Der bundesweit bekannte Neckarsteig führt bis nach Bad Wimpfen in Baden Württemberg. Foto: dpa-tmn/M.Schoebel

Hier türmen sich bis zu sechs Meter hohe Trockenmauern übereinander, die zusammen mit dem nährstoffhaltigen Muschelkalk der Böden und der durch den Neckar reflektierten Sonneneinstrahlung optimale Bedingungen schaffen, um Wein wachsen zu lassen. „Der Berg mit den Terrassen ist eine klassische Kulturlandschaft der Region“, erklärt Armin Englert. „Viele brachliegende Terrassen sind in den letzten Jahren wieder urbar gemacht worden.“

Nachvollziehbar, dass vor allem Handarbeit gefragt ist und dass besonders in der Lesezeit viel Schweiß fließt, wenn die sogenannten Buttenträger ihre wertvolle Last durch die Weinberge ins Tal tragen müssen. Bewirtschaftet werden die rund 40 Hektar Anbaufläche des Himmelreichs vom Staatsweingut Staatliche Lehr- und Versuchsanstalt für Wein- und Obstbau Weinsberg, das vor 150 Jahren gegründet wurde.

Eine Pause einlegen und ein wenig durchschnaufen. Den weiten Blick auf die Stadt, den Neckar und das historische Schloss Horneck werfen. Die entspannenden Minuten im Schatten eines Walnussbaumes tun gut. Ein Gläschen fruchtiger Lemberger Weißherbst auch. Auf dem 247 Meter hohen Michaelsberg gibt es zur weiteren Stärkung selbst gebackenen Rhabarberkuchen in „Schäfers Landrestaurant“.

Horneck ist eines der größten Schlösser am Neckar. Es gehörte einst dem Deutschorden. Foto: dpa-tmn/Gundelsheim

„Ich weiß noch gut, dass mein Schulweg immer durch die Weinberge nach Gundelsheim geführt hat“, kramt Michael Schäfer in Kindheitserinnerungen. Mit seiner Frau Gerda führt er die Gaststätte in der dritten Familiengeneration. Er betreibt auch Ferienwohnungen, eine Metzgerei und einen Hofladen, zudem ist er Winzer und Landwirt.

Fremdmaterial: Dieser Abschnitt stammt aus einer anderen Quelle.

lemma step_prob_scaling:
  assumes n: "n \<ge> 1" "sigma2 n (d n) > 0"
  shows "real n * step_prob \<theta> n = \<theta> * threshold n"
    and "step_prob \<theta> n ^ 2 * (real n * sigma2 n (d n)) = \<theta>^2 * x^2"
proof -
  have pos: "real n * sigma2 n (d n) > 0" using n by simp
  have "sqrt (real n / sigma2 n (d n)) * sqrt (real n * sigma2 n (d n)) = real n"
    using n by (simp add: real_sqrt_mult[symmetric])
  then have sq: "sqrt (real n / sigma2 n (d n)) = real n / sqrt (real n * sigma2 n (d n))"
    using pos by (simp add: eq_divide_eq)
  show "real n * step_prob \<theta> n = \<theta> * threshold n"
    unfolding step_prob_def threshold_def sq by simp
  show "step_prob \<theta> n ^ 2 * (real n * sigma2 n (d n)) = \<theta>^2 * x^2"
    unfolding step_prob_def power_divide real_sqrt_pow2[OF less_imp_le[OF pos]]
    using pos by (auto simp: power_mult_distrib zero_less_mult_iff)
qed

lemma tail_le:
  assumes n: "n \<ge> 1" "sigma2 n (d n) > 0"
    and \<theta>: "0 < \<theta>" "step_prob \<theta> n \<le> 1/2" "inverse (threshold n) < 1 - \<theta>"
  shows "tail n * (1 - \<theta> * inverse (threshold n) / (1 - \<theta> - inverse (threshold n))^2) \<le>
         exp (- (\<theta>^2 * x^2) / 2 + (step_prob \<theta> n * real (Delta n (d n)))^2 / 2
              + step_prob \<theta> n * real (Delta n (d n)) * (\<theta>^2 * x^2) / 3)"
proof -
  interpret rooted_degree_seq n "d n" "v n" by (rule rooted_degree_seq_at[OF n(1)])
  let ?t = "threshold n" and ?p = "step_prob \<theta> n" and ?\<Delta> = "real (Delta n (d n))"
  let ?k = "nat \<lfloor>?t\<rfloor>" and ?\<epsilon> = "1 - \<theta> - inverse (threshold n)"
  note scale = step_prob_scaling[OF n, of \<theta>]
  have t_pos: "?t > 0" using n x_pos by (simp add: threshold_def)
  have p_nonneg: "?p \<ge> 0" using \<theta> n x_pos by (simp add: step_prob_def)
  have "real ?k > ?t - 1" using t_pos by linarith
  then have gap: "real ?k - real n * ?p > ?t * ?\<epsilon>"
    using scale(1) t_pos by (simp add: algebra_simps)
  have gap_pos: "?t * ?\<epsilon> > 0" using t_pos \<theta> by simp
  have "real n * ?p / (real ?k - real n * ?p)^2 \<le> real n * ?p / (?t * ?\<epsilon>)^2"
    using gap gap_pos p_nonneg by (intro divide_left_mono power_mono mult_pos_pos) auto
  also have "\<dots> = \<theta> * inverse ?t / ?\<epsilon>^2"
    unfolding scale(1) using t_pos by (simp add: power_mult_distrib power2_eq_square divide_inverse mult_ac)
  finally have err: "real n * ?p / (real ?k - real n * ?p)^2 \<le> \<theta> * inverse ?t / ?\<epsilon>^2" .
  have "tail n * (1 - \<theta> * inverse ?t / ?\<epsilon>^2) \<le> survival ?k * (1 - real n * ?p / (real ?k - real n * ?p)^2)"
    unfolding tail_eq_survival[OF n(1)] using err survival_nonneg by (intro mult_left_mono) auto
  also have "\<dots> \<le> mixture ?p"
    unfolding mixture_def using gap gap_pos p_nonneg \<theta>(2)
    by (intro antimono_le_binomial_mixture[OF antimono_survival survival_nonneg]) simp_all
  also have "\<dots> \<le> exp (- (?p^2) * (real n * sigma2 n (d n)) / 2 + ?p^2 * ?\<Delta>^2 / 2
                      + ?p^3 * ?\<Delta> * (real n * sigma2 n (d n)) / 3)"
    using p_nonneg \<theta>(2) by (rule mixture_le)
  also have "\<dots> = exp (- (\<theta>^2 * x^2) / 2 + (?p * ?\<Delta>)^2 / 2 + ?p * ?\<Delta> * (\<theta>^2 * x^2) / 3)"
  proof -
    have "?p^3 * ?\<Delta> * (real n * sigma2 n (d n)) = ?p * ?\<Delta> * (?p^2 * (real n * sigma2 n (d n)))"
      by (simp add: power2_eq_square power3_eq_cube mult_ac)
    moreover have "?p^2 * ?\<Delta>^2 = (?p * ?\<Delta>)^2" by (simp add: power_mult_distrib)
    ultimately show ?thesis unfolding mult_minus_left scale(2) by simp
  qed
  finally show ?thesis .
qed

Es folgt eine Stippvisite in der St. Michaelskapelle nebenan, deren Ursprünge bis ins achte Jahrhundert zurückgehen. Sie gilt als eines der ältesten Kirchengebäude in der Region. In einer Mauernische gibt es Überreste aus der Römerzeit – ein Altar für die Götter Jupiter und Juno.

Wer müde Beine bekommt, kann für den nächsten Abschnitt auch auf den öffentlichen Nahverkehr zurückgreifen. Denn alle Teilstrecken des Neckarsteigs sind mit Bus oder Regionalbahn erreichbar. Gesagt, getan: Zum abendlichen Einkehren geht es nach Mosbach. Dort trifft die Reisegruppe auf den singenden Wilfried Boch. „Hört ihr Leut‘ und lasst euch sagen, unsere Uhr hat 10 geschlagen“, tönt er mit voller Brust und bläst dazu in ein Kuhhorn. Der pensionierte Lehrer schlüpft seit zwölf Jahren immer wieder gerne in die Rolle des Nachtwächters Alfred und führt launig durch die Stadt.

Die Laterne geht reihum. Der Weg führt dahin, wo im 13. Jahrhundert eine doppelte Stadtmauer stand. Auch zum „Haus Kickelhain“. Es stammt aus dem Jahr 1591 und gilt mit 26 Quadratmetern Grundfläche als Deutschlands kleinstes frei stehendes Fachwerkhaus. Heute ist dort ein Museum untergebracht. Übernachtet wird in Eberbach.

Die Wanderführerin ist in Simbabwe geboren und hat schon viel von der Welt gesehen. „Wisst ihr, was der Amazonas, der Niger und der Neckar gemeinsam haben?“ fragt sie. Eine Flussumkehr! „Eberbach liegt an solch einer Flussumkehr, und Timbuktu ist nicht weit davon entfernt.“ „Damit liegt Timbuktu quasi auch am Neckar“, scherzt ein Mitwanderer.“

(dpa)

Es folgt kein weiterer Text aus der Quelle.